Aim of the task » When the string "subsetD" occurs in a line of the records, show that line.

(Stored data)
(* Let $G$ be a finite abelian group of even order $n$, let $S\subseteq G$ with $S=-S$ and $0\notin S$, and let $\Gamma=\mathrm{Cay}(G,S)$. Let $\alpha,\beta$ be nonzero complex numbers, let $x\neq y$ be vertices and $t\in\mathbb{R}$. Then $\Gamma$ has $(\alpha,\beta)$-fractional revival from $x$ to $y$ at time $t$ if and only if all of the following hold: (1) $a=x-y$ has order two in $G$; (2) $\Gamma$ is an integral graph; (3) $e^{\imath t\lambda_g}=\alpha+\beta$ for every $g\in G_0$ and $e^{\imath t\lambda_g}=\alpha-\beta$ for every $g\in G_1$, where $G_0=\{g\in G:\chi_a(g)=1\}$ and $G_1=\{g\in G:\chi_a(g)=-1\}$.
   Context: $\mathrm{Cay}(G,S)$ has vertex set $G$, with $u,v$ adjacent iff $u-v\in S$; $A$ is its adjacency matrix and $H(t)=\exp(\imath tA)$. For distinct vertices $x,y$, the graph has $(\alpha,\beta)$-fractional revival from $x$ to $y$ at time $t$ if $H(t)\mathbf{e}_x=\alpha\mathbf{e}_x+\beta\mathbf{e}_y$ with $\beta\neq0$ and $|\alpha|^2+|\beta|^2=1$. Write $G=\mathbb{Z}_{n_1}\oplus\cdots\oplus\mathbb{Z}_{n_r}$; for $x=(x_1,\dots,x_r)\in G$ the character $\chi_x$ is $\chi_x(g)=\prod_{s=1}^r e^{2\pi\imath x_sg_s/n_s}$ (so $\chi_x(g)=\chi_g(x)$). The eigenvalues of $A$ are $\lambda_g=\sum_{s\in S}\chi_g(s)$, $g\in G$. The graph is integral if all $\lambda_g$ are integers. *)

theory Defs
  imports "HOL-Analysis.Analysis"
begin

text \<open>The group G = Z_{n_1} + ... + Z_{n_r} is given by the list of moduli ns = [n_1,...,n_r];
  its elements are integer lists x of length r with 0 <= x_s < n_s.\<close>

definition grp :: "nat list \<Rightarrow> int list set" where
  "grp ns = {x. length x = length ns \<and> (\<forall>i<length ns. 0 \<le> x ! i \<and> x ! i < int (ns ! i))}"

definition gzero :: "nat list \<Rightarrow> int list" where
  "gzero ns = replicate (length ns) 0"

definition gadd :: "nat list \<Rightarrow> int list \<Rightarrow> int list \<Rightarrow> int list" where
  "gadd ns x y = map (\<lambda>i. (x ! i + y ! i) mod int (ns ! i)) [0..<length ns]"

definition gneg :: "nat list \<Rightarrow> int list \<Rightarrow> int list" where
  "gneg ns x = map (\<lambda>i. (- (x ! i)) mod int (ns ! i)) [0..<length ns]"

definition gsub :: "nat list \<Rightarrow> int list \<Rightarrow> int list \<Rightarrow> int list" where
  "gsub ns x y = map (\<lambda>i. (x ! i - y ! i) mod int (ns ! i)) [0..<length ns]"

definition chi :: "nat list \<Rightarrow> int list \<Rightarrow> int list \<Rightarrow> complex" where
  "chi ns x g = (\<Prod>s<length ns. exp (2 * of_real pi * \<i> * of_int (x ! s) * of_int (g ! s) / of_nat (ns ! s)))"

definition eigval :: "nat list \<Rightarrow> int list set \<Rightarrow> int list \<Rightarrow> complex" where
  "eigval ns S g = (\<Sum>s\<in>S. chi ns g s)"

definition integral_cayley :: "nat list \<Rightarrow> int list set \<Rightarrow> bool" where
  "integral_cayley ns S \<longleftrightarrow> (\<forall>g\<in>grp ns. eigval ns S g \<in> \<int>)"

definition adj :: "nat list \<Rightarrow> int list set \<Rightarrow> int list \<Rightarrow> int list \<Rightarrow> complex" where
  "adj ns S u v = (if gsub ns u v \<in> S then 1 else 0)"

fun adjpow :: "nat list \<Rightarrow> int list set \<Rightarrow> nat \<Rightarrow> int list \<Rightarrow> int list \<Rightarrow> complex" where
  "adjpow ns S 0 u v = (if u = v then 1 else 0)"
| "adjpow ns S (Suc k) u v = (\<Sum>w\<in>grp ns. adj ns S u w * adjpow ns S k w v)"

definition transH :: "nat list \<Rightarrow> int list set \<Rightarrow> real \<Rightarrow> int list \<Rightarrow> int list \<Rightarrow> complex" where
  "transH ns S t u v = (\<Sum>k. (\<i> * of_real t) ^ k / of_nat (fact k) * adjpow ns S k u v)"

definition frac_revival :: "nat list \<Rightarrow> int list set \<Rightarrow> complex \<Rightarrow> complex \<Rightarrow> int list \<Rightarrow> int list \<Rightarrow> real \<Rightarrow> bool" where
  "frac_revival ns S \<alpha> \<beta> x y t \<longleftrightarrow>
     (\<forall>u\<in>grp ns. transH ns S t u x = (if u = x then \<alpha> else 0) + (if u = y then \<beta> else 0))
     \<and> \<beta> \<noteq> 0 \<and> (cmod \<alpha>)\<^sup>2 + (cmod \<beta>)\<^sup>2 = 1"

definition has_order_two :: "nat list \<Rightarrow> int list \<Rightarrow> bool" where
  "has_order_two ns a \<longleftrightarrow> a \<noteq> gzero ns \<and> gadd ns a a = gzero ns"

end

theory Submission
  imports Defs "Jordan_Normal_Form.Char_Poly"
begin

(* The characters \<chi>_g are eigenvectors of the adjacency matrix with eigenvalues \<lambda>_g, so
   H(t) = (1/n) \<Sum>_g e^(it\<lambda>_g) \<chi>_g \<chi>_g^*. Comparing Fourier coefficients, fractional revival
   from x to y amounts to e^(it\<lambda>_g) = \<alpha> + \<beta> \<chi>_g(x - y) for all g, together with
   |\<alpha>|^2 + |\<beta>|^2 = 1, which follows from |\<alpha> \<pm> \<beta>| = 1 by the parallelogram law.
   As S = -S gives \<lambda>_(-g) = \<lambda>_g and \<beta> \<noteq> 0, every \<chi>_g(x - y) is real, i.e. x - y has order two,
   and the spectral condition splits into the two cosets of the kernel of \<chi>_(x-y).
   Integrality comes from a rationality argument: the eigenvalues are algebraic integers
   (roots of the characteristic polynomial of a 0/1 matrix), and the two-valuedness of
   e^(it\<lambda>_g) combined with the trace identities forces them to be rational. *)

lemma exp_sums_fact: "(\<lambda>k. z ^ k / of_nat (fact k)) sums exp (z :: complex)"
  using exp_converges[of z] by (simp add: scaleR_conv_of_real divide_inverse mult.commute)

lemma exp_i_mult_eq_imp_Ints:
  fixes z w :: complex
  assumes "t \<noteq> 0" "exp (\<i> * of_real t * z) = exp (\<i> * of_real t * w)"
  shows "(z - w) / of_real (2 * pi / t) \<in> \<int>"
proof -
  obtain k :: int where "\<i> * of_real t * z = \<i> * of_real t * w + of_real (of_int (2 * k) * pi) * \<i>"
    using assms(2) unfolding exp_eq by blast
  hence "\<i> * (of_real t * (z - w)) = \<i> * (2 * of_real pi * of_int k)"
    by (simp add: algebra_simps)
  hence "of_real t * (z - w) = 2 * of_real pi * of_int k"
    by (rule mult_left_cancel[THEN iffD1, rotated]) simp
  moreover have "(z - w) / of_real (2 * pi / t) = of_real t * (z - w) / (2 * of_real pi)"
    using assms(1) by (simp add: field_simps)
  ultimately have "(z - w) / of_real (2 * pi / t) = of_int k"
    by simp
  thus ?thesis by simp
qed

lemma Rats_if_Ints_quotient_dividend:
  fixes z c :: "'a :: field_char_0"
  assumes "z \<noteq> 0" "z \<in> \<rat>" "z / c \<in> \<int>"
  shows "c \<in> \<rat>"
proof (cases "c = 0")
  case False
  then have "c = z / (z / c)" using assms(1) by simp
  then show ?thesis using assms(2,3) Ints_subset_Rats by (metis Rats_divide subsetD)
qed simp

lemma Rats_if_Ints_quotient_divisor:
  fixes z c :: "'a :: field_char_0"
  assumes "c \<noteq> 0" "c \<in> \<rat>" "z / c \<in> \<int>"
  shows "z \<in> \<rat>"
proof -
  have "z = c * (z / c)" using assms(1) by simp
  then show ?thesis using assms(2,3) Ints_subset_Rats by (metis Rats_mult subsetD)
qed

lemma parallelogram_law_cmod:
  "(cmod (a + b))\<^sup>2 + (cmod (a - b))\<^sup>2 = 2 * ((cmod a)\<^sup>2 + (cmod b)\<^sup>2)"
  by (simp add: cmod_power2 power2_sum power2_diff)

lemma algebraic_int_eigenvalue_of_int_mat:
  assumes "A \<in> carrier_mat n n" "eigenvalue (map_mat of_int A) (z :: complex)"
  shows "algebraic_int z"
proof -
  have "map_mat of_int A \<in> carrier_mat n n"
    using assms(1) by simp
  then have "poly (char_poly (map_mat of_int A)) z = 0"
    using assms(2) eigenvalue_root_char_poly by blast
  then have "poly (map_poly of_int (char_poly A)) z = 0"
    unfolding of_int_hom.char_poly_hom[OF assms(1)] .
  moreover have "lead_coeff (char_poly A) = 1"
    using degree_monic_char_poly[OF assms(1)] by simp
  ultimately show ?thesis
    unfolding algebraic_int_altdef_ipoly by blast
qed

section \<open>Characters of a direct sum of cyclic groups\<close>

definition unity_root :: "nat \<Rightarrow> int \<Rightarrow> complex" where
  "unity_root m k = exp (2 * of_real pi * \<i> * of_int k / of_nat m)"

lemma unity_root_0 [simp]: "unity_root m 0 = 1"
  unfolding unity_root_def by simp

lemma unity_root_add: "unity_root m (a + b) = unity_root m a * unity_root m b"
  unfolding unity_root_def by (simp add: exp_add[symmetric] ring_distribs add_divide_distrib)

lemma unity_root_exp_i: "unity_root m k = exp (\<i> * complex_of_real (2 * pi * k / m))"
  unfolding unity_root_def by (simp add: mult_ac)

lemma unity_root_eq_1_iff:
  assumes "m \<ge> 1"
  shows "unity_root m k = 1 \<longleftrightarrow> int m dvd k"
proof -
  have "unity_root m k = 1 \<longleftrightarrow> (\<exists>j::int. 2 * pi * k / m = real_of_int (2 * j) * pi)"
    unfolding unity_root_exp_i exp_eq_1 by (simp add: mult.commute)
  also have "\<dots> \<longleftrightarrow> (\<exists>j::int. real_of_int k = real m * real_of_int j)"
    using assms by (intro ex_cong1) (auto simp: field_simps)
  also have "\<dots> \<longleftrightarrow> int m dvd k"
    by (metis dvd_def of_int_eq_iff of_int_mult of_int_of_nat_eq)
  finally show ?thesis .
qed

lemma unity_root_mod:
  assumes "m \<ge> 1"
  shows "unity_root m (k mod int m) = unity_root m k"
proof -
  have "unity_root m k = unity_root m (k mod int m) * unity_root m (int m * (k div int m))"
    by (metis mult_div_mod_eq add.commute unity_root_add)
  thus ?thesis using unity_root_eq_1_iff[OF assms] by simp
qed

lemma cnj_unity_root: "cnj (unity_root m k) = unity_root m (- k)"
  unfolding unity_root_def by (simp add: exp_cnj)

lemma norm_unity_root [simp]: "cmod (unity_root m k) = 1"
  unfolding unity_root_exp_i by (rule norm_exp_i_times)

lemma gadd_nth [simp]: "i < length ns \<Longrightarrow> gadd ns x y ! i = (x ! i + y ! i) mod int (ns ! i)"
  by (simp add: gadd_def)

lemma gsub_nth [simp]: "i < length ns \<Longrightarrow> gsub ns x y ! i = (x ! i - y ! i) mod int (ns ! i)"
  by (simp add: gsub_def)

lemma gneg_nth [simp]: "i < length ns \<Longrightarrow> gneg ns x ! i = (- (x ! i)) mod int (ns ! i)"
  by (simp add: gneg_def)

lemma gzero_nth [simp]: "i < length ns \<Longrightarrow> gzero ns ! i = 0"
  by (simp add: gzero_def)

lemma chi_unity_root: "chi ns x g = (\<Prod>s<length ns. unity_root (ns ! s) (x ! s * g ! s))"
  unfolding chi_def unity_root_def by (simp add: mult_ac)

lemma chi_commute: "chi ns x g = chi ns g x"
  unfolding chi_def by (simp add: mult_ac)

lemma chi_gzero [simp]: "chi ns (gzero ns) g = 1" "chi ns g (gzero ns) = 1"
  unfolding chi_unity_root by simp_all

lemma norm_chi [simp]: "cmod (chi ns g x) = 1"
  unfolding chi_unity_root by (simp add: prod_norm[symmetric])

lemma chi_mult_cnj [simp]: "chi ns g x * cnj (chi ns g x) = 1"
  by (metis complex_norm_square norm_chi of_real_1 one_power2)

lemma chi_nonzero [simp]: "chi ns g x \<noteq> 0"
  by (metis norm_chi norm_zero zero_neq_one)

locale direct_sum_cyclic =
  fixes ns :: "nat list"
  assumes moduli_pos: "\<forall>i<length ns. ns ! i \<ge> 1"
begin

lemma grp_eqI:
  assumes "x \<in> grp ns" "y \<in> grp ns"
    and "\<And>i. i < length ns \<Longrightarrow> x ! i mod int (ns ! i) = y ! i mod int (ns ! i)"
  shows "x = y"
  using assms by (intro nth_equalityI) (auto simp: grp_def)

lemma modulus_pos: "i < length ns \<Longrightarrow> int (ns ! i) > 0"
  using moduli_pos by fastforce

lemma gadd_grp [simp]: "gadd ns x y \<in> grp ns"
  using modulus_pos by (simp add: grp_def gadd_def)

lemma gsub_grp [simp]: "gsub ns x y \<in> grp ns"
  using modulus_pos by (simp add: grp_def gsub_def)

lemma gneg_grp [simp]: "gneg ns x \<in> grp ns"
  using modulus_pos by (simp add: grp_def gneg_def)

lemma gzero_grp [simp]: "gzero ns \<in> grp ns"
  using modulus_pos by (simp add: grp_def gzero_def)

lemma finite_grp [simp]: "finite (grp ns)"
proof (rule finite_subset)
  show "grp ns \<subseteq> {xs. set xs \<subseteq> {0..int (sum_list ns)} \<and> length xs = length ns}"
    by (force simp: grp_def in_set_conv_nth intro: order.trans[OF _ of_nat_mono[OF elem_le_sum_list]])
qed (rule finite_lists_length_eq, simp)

Your response »
  then show ?thesis using assms(2,3) Ints_subset_Rats by (metis Rats_divide subsetD)
  then show ?thesis using assms(2,3) Ints_subset_Rats by (metis Rats_mult subsetD)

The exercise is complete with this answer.